### Work required
Please repeat the records below exactly, but only from the line that contains "m + 1)\<bar> /" onward, ending with the last line.

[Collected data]

=== Section Start ===

(* Let $f(1),\dots,f(T)\in\mathbb R$ and $0=\nu_0<\nu_1<\dots<\nu_M=T$ be such that $f(\nu_m+1)=\dots=f(\nu_{m+1})$ for all $m=0,\dots,M-1$. Let $\Delta$ be a positive integer and suppose that for some $1\le m\le M-1$, $|\nu_m-\nu_{m'}|\ge\Delta$ for all $m'\ne m$. Then, writing $\nu=\nu_m$, \[ \max\Bigl\{\Bigl|\sum_{r=1}^{\nu-\Delta}f(r)\Bigr|,\ \Bigl|\sum_{r=1}^{\nu}f(r)\Bigr|,\ \Bigl|\sum_{r=1}^{\nu+\Delta}f(r)\Bigr|\Bigr\}\ \ge\ \Delta\,|f(\nu)-f(\nu+1)|/4. \]
   Context: An empty sum equals $0$. *)

theory Defs
  imports Complex_Main
begin

end

theory Submission
  imports Defs
begin

text \<open>On the two blocks of length \<open>\<Delta>\<close> on either side of \<open>\<nu>\<close> the function \<open>f\<close> is constant,
  equal to \<open>a = f \<nu>\<close> and \<open>b = f (\<nu> + 1)\<close> respectively, so the three partial sums \<open>S\<^sub>-, S, S\<^sub>+\<close>
  satisfy \<open>S - S\<^sub>- = \<Delta> a\<close> and \<open>S\<^sub>+ - S = \<Delta> b\<close>. Hence \<open>\<Delta> (a - b) = 2 S - S\<^sub>- - S\<^sub>+\<close>, whose
  absolute value is at most four times the largest of \<open>|S\<^sub>-|, |S|, |S\<^sub>+|\<close>.\<close>

lemma sum_atLeast1_extend_const:
  fixes f :: "nat \<Rightarrow> 'a::comm_semiring_1"
  assumes "\<And>r. a < r \<Longrightarrow> r \<le> a + d \<Longrightarrow> f r = c"
  shows "(\<Sum>r=1..a + d. f r) = (\<Sum>r=1..a. f r) + of_nat d * c"
proof -
  have "(\<Sum>r=1..a + d. f r) = (\<Sum>r=1..a. f r) + (\<Sum>r=a+1..a+d. f r)"
    by (rule sum.ub_add_nat) simp
  also have "(\<Sum>r=a+1..a+d. f r) = (\<Sum>r=a+1..a+d. c)"
    using assms by (intro sum.cong) auto
  finally show ?thesis by simp
qed

lemma abs_second_difference_le_max:
  fixes x y z :: real
  shows "\<bar>2 * y - x - z\<bar> \<le> 4 * max (max \<bar>x\<bar> \<bar>y\<bar>) \<bar>z\<bar>"
  by linarith

lemma isolated_breakpoint_gaps:
  fixes \<nu> :: "nat \<Rightarrow> nat"
  assumes mono: "\<And>i. i < M \<Longrightarrow> \<nu> i < \<nu> (Suc i)"
    and m: "1 \<le> m" "m < M"
    and sep: "\<And>m'. m' \<le> M \<Longrightarrow> m' \<noteq> m \<Longrightarrow> \<bar>int (\<nu> m) - int (\<nu> m')\<bar> \<ge> int \<Delta>"
  shows "\<nu> (m - 1) + \<Delta> \<le> \<nu> m" and "\<nu> m + \<Delta> \<le> \<nu> (Suc m)"
proof -
  have "\<nu> (m - 1) < \<nu> m" "\<bar>int (\<nu> m) - int (\<nu> (m - 1))\<bar> \<ge> int \<Delta>"
    using mono[of "m - 1"] sep[of "m - 1"] m by auto
  then show "\<nu> (m - 1) + \<Delta> \<le> \<nu> m" by linarith
  have "\<nu> m < \<nu> (Suc m)" "\<bar>int (\<nu> m) - int (\<nu> (Suc m))\<bar> \<ge> int \<Delta>"
    using mono[of m] sep[of "Suc m"] m by auto
  then show "\<nu> m + \<Delta> \<le> \<nu> (Suc m)" by linarith
qed

theorem lemma21:
  fixes f :: "nat \<Rightarrow> real" and T M \<Delta> m :: nat and \<nu> :: "nat \<Rightarrow> nat"
  assumes nu0: "\<nu> 0 = 0" and nuM: "\<nu> M = T"
    and mono: "\<And>i. i < M \<Longrightarrow> \<nu> i < \<nu> (Suc i)"
    and const: "\<And>i r. i < M \<Longrightarrow> \<nu> i + 1 \<le> r \<Longrightarrow> r \<le> \<nu> (Suc i) \<Longrightarrow> f r = f (\<nu> (Suc i))"
    and Dpos: "\<Delta> > 0"
    and m: "1 \<le> m" "m \<le> M - 1"
    and sep: "\<And>m'. m' \<le> M \<Longrightarrow> m' \<noteq> m \<Longrightarrow> \<bar>int (\<nu> m) - int (\<nu> m')\<bar> \<ge> int \<Delta>"
  shows "max (max \<bar>\<Sum>r=1..\<nu> m - \<Delta>. f r\<bar> \<bar>\<Sum>r=1..\<nu> m. f r\<bar>) \<bar>\<Sum>r=1..\<nu> m + \<Delta>. f r\<bar>
           \<ge> real \<Delta> * \<bar>f (\<nu> m) - f (\<nu> m + 1)\<bar> / 4"
proof -
  have mM: "m - 1 < M" "m < M" and m_Suc: "Suc (m - 1) = m" using m by auto
  note gaps = isolated_breakpoint_gaps[OF mono m(1) mM(2) sep]
  have left_block: "f r = f (\<nu> m)" if "\<nu> m - \<Delta> < r" "r \<le> \<nu> m - \<Delta> + \<Delta>" for r
    using const[OF mM(1), of r] that gaps(1) m_Suc by simp
  have left: "(\<Sum>r=1..\<nu> m. f r) = (\<Sum>r=1..\<nu> m - \<Delta>. f r) + real \<Delta> * f (\<nu> m)"
    using sum_atLeast1_extend_const[of "\<nu> m - \<Delta>" \<Delta> f "f (\<nu> m)", OF left_block] gaps(1) by simp
  have "f r = f (\<nu> m + 1)" if "\<nu> m < r" "r \<le> \<nu> m + \<Delta>" for r
    using const[OF mM(2), of r] const[OF mM(2), of "\<nu> m + 1"] that gaps(2) by simp
  then have right: "(\<Sum>r=1..\<nu> m + \<Delta>. f r) = (\<Sum>r=1..\<nu> m. f r) + real \<Delta> * f (\<nu> m + 1)"
    by (rule sum_atLeast1_extend_const)
  have "2 * (\<Sum>r=1..\<nu> m. f r) - (\<Sum>r=1..\<nu> m - \<Delta>. f r) - (\<Sum>r=1..\<nu> m + \<Delta>. f r)
      = real \<Delta> * (f (\<nu> m) - f (\<nu> m + 1))"
    unfolding right left by (simp add: algebra_simps)
  then have "real \<Delta> * \<bar>f (\<nu> m) - f (\<nu> m + 1)\<bar>
      = \<bar>2 * (\<Sum>r=1..\<nu> m. f r) - (\<Sum>r=1..\<nu> m - \<Delta>. f r) - (\<Sum>r=1..\<nu> m + \<Delta>. f r)\<bar>"
    by (simp add: abs_mult)
  also have "\<dots> \<le> 4 * max (max \<bar>\<Sum>r=1..\<nu> m - \<Delta>. f r\<bar> \<bar>\<Sum>r=1..\<nu> m. f r\<bar>) \<bar>\<Sum>r=1..\<nu> m + \<Delta>. f r\<bar>"
    by (rule abs_second_difference_le_max)
  finally show ?thesis by linarith
qed

end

=== Section End ===

### Solution
           \<ge> real \<Delta> * \<bar>f (\<nu> m) - f (\<nu> m + 1)\<bar> / 4"
proof -
  have mM: "m - 1 < M" "m < M" and m_Suc: "Suc (m - 1) = m" using m by auto
  note gaps = isolated_breakpoint_gaps[OF mono m(1) mM(2) sep]
  have left_block: "f r = f (\<nu> m)" if "\<nu> m - \<Delta> < r" "r \<le> \<nu> m - \<Delta> + \<Delta>" for r
    using const[OF mM(1), of r] that gaps(1) m_Suc by simp
  have left: "(\<Sum>r=1..\<nu> m. f r) = (\<Sum>r=1..\<nu> m - \<Delta>. f r) + real \<Delta> * f (\<nu> m)"
    using sum_atLeast1_extend_const[of "\<nu> m - \<Delta>" \<Delta> f "f (\<nu> m)", OF left_block] gaps(1) by simp
  have "f r = f (\<nu> m + 1)" if "\<nu> m < r" "r \<le> \<nu> m + \<Delta>" for r
    using const[OF mM(2), of r] const[OF mM(2), of "\<nu> m + 1"] that gaps(2) by simp
  then have right: "(\<Sum>r=1..\<nu> m + \<Delta>. f r) = (\<Sum>r=1..\<nu> m. f r) + real \<Delta> * f (\<nu> m + 1)"
    by (rule sum_atLeast1_extend_const)
  have "2 * (\<Sum>r=1..\<nu> m. f r) - (\<Sum>r=1..\<nu> m - \<Delta>. f r) - (\<Sum>r=1..\<nu> m + \<Delta>. f r)
      = real \<Delta> * (f (\<nu> m) - f (\<nu> m + 1))"
    unfolding right left by (simp add: algebra_simps)
  then have "real \<Delta> * \<bar>f (\<nu> m) - f (\<nu> m + 1)\<bar>
      = \<bar>2 * (\<Sum>r=1..\<nu> m. f r) - (\<Sum>r=1..\<nu> m - \<Delta>. f r) - (\<Sum>r=1..\<nu> m + \<Delta>. f r)\<bar>"
    by (simp add: abs_mult)
  also have "\<dots> \<le> 4 * max (max \<bar>\<Sum>r=1..\<nu> m - \<Delta>. f r\<bar> \<bar>\<Sum>r=1..\<nu> m. f r\<bar>) \<bar>\<Sum>r=1..\<nu> m + \<Delta>. f r\<bar>"
    by (rule abs_second_difference_le_max)
  finally show ?thesis by linarith
qed

end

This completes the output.